──────── Dataset content ────────
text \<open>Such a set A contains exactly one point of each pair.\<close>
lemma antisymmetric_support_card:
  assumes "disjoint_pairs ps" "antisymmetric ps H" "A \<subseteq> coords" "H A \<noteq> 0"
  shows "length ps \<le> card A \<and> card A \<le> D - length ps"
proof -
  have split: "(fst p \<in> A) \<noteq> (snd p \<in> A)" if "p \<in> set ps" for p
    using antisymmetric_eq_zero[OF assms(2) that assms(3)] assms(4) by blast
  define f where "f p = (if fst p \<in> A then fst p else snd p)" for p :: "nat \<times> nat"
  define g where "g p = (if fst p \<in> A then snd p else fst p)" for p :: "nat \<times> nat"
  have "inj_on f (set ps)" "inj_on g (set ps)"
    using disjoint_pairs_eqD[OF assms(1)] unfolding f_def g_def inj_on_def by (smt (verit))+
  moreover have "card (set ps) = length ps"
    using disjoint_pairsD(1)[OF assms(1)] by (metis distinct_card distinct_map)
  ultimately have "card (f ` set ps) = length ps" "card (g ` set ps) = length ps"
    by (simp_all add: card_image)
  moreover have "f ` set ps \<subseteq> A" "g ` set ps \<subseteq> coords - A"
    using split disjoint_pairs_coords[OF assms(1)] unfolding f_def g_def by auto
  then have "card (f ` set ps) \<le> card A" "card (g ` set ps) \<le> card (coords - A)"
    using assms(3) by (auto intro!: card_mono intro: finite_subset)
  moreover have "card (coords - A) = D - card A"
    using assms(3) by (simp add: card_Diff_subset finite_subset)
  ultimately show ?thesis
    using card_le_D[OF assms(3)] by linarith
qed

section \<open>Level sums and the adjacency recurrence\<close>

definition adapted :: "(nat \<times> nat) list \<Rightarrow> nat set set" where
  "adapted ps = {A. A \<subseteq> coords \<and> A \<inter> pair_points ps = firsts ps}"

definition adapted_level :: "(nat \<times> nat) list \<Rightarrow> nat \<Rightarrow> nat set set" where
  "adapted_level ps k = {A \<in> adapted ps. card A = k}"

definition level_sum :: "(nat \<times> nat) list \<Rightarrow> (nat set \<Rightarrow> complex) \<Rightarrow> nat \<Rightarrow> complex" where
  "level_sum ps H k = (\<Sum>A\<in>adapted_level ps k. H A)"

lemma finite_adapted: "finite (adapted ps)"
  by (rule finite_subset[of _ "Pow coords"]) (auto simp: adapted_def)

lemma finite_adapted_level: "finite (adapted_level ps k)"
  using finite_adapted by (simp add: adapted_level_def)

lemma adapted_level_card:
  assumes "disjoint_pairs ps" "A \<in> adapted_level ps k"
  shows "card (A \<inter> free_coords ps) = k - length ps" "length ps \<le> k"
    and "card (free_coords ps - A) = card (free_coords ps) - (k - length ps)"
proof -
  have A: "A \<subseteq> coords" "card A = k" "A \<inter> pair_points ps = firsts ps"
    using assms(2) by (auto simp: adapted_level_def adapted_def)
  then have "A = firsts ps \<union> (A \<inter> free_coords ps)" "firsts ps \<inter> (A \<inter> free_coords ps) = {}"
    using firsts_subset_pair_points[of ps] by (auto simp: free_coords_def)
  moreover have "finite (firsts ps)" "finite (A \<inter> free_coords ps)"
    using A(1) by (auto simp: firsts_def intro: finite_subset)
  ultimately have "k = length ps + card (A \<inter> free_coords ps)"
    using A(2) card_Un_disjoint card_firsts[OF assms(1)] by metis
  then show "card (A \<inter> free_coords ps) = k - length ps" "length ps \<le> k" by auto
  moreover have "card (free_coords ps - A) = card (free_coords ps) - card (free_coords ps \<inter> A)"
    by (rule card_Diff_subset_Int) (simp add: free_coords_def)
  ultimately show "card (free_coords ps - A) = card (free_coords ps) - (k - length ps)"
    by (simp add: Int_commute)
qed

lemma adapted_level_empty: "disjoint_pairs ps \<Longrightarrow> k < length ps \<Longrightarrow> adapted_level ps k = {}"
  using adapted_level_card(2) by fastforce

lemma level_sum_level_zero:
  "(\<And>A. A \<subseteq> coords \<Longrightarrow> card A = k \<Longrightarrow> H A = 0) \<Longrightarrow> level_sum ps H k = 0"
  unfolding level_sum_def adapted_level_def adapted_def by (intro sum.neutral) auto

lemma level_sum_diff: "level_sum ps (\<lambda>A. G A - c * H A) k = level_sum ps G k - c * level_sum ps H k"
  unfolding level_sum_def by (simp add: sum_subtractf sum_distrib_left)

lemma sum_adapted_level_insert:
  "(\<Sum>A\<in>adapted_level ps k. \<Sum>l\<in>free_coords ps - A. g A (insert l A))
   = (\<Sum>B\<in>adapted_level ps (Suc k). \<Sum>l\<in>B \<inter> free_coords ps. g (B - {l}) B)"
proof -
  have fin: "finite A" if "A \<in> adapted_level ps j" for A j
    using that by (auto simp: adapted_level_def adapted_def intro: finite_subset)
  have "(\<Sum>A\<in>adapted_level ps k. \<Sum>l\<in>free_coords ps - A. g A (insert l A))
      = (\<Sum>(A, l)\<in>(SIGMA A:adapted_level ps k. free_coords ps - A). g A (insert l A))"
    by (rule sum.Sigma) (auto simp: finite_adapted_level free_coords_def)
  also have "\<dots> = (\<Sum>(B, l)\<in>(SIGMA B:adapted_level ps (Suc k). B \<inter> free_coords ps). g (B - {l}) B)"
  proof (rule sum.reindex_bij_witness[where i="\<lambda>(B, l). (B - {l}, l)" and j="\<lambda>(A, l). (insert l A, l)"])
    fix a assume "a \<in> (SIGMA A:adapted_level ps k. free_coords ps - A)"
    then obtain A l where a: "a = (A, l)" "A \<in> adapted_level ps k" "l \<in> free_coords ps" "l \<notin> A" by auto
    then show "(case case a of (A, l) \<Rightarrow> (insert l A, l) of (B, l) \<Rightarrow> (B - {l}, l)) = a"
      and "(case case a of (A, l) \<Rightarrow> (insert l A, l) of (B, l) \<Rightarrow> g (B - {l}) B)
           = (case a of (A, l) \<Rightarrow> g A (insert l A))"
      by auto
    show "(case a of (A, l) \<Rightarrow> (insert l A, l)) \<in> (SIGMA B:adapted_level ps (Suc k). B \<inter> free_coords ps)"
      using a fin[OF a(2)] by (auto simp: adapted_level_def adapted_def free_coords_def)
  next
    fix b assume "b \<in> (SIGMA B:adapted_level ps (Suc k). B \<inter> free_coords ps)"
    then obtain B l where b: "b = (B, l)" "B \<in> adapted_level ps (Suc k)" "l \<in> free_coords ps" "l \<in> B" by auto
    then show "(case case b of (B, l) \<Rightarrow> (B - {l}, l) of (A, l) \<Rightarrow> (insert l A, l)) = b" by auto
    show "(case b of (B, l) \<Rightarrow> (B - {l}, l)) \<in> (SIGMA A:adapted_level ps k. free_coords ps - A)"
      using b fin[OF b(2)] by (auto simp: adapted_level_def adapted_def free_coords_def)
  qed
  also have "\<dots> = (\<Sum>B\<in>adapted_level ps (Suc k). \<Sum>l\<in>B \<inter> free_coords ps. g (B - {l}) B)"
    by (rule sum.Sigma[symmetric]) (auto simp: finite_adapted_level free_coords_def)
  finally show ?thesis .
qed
────────
──────── Dataset content ────────
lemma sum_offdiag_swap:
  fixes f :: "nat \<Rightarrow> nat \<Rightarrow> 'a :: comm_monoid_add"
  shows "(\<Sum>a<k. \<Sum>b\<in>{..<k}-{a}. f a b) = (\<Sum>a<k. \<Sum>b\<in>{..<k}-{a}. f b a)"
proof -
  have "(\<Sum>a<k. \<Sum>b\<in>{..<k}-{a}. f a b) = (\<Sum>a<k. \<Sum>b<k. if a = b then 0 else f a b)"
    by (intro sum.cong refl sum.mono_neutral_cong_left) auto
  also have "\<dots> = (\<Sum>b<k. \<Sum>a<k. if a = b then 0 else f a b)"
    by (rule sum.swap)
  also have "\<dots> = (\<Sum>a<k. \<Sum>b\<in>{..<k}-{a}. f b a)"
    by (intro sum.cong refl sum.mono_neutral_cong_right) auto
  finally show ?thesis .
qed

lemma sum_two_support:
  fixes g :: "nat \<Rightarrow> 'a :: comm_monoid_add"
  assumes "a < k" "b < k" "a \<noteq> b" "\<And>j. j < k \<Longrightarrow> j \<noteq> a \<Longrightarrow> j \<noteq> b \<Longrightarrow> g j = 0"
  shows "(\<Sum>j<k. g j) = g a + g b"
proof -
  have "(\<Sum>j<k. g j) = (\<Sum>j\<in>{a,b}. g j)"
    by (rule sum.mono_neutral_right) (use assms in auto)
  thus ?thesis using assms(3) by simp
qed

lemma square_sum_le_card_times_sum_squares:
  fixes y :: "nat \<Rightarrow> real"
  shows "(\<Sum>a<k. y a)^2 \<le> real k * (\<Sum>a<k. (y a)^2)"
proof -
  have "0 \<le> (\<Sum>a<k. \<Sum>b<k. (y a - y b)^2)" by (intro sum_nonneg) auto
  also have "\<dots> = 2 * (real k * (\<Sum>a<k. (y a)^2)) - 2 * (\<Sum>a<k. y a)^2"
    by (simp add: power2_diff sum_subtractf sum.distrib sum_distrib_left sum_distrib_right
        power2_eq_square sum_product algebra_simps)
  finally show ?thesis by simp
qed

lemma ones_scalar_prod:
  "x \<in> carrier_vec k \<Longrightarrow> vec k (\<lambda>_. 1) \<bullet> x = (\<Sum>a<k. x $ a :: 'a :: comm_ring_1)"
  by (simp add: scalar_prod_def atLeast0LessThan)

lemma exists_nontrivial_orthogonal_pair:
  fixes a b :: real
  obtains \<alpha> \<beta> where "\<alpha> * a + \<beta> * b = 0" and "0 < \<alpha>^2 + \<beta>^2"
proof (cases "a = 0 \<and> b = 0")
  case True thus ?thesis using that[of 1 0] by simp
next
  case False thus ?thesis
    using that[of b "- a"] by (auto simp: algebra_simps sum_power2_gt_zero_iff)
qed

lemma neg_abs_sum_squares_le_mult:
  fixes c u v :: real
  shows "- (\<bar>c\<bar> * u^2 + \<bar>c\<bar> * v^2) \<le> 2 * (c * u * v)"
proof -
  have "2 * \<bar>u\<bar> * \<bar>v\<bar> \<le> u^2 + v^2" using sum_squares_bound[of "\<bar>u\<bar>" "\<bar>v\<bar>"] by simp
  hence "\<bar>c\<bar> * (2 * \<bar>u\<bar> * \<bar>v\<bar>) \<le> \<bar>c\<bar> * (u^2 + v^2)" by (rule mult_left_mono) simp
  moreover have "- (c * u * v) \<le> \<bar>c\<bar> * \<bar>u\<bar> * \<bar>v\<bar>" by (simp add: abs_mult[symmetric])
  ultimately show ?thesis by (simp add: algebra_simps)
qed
────────
──────── Dataset content ────────
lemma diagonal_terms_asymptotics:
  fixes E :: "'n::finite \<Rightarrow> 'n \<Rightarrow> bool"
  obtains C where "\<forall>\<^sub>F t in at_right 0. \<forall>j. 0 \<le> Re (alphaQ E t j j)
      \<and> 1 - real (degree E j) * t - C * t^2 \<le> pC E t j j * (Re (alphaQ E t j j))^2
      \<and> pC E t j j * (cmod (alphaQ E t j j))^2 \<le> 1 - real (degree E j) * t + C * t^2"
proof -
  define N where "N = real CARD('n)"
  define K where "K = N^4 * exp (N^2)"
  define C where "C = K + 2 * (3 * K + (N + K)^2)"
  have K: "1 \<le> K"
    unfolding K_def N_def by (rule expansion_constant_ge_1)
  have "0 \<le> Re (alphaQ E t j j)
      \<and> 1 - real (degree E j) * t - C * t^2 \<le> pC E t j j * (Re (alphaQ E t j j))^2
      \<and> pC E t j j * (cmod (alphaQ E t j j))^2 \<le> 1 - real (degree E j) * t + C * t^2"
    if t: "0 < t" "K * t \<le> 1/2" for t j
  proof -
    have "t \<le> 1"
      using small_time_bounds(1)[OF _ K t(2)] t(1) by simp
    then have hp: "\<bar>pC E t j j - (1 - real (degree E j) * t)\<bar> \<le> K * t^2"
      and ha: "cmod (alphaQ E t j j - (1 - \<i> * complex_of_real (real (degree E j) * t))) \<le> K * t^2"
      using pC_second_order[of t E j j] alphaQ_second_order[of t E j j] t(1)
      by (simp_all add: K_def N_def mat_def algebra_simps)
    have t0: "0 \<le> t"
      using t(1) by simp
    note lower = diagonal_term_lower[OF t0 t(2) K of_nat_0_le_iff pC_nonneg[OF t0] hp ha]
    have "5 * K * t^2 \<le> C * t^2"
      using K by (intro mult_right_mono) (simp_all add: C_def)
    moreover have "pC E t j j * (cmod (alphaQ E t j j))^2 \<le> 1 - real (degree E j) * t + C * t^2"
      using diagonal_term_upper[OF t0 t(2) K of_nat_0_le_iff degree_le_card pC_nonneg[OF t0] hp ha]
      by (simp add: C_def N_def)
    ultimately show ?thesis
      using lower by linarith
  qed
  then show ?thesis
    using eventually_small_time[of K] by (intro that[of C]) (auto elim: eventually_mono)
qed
────────
Work to complete: Copy every line of the records above that holds the word "refl".

Answer to this problem:
    by (intro sum.cong refl sum.mono_neutral_cong_left) auto
    by (intro sum.cong refl sum.mono_neutral_cong_right) auto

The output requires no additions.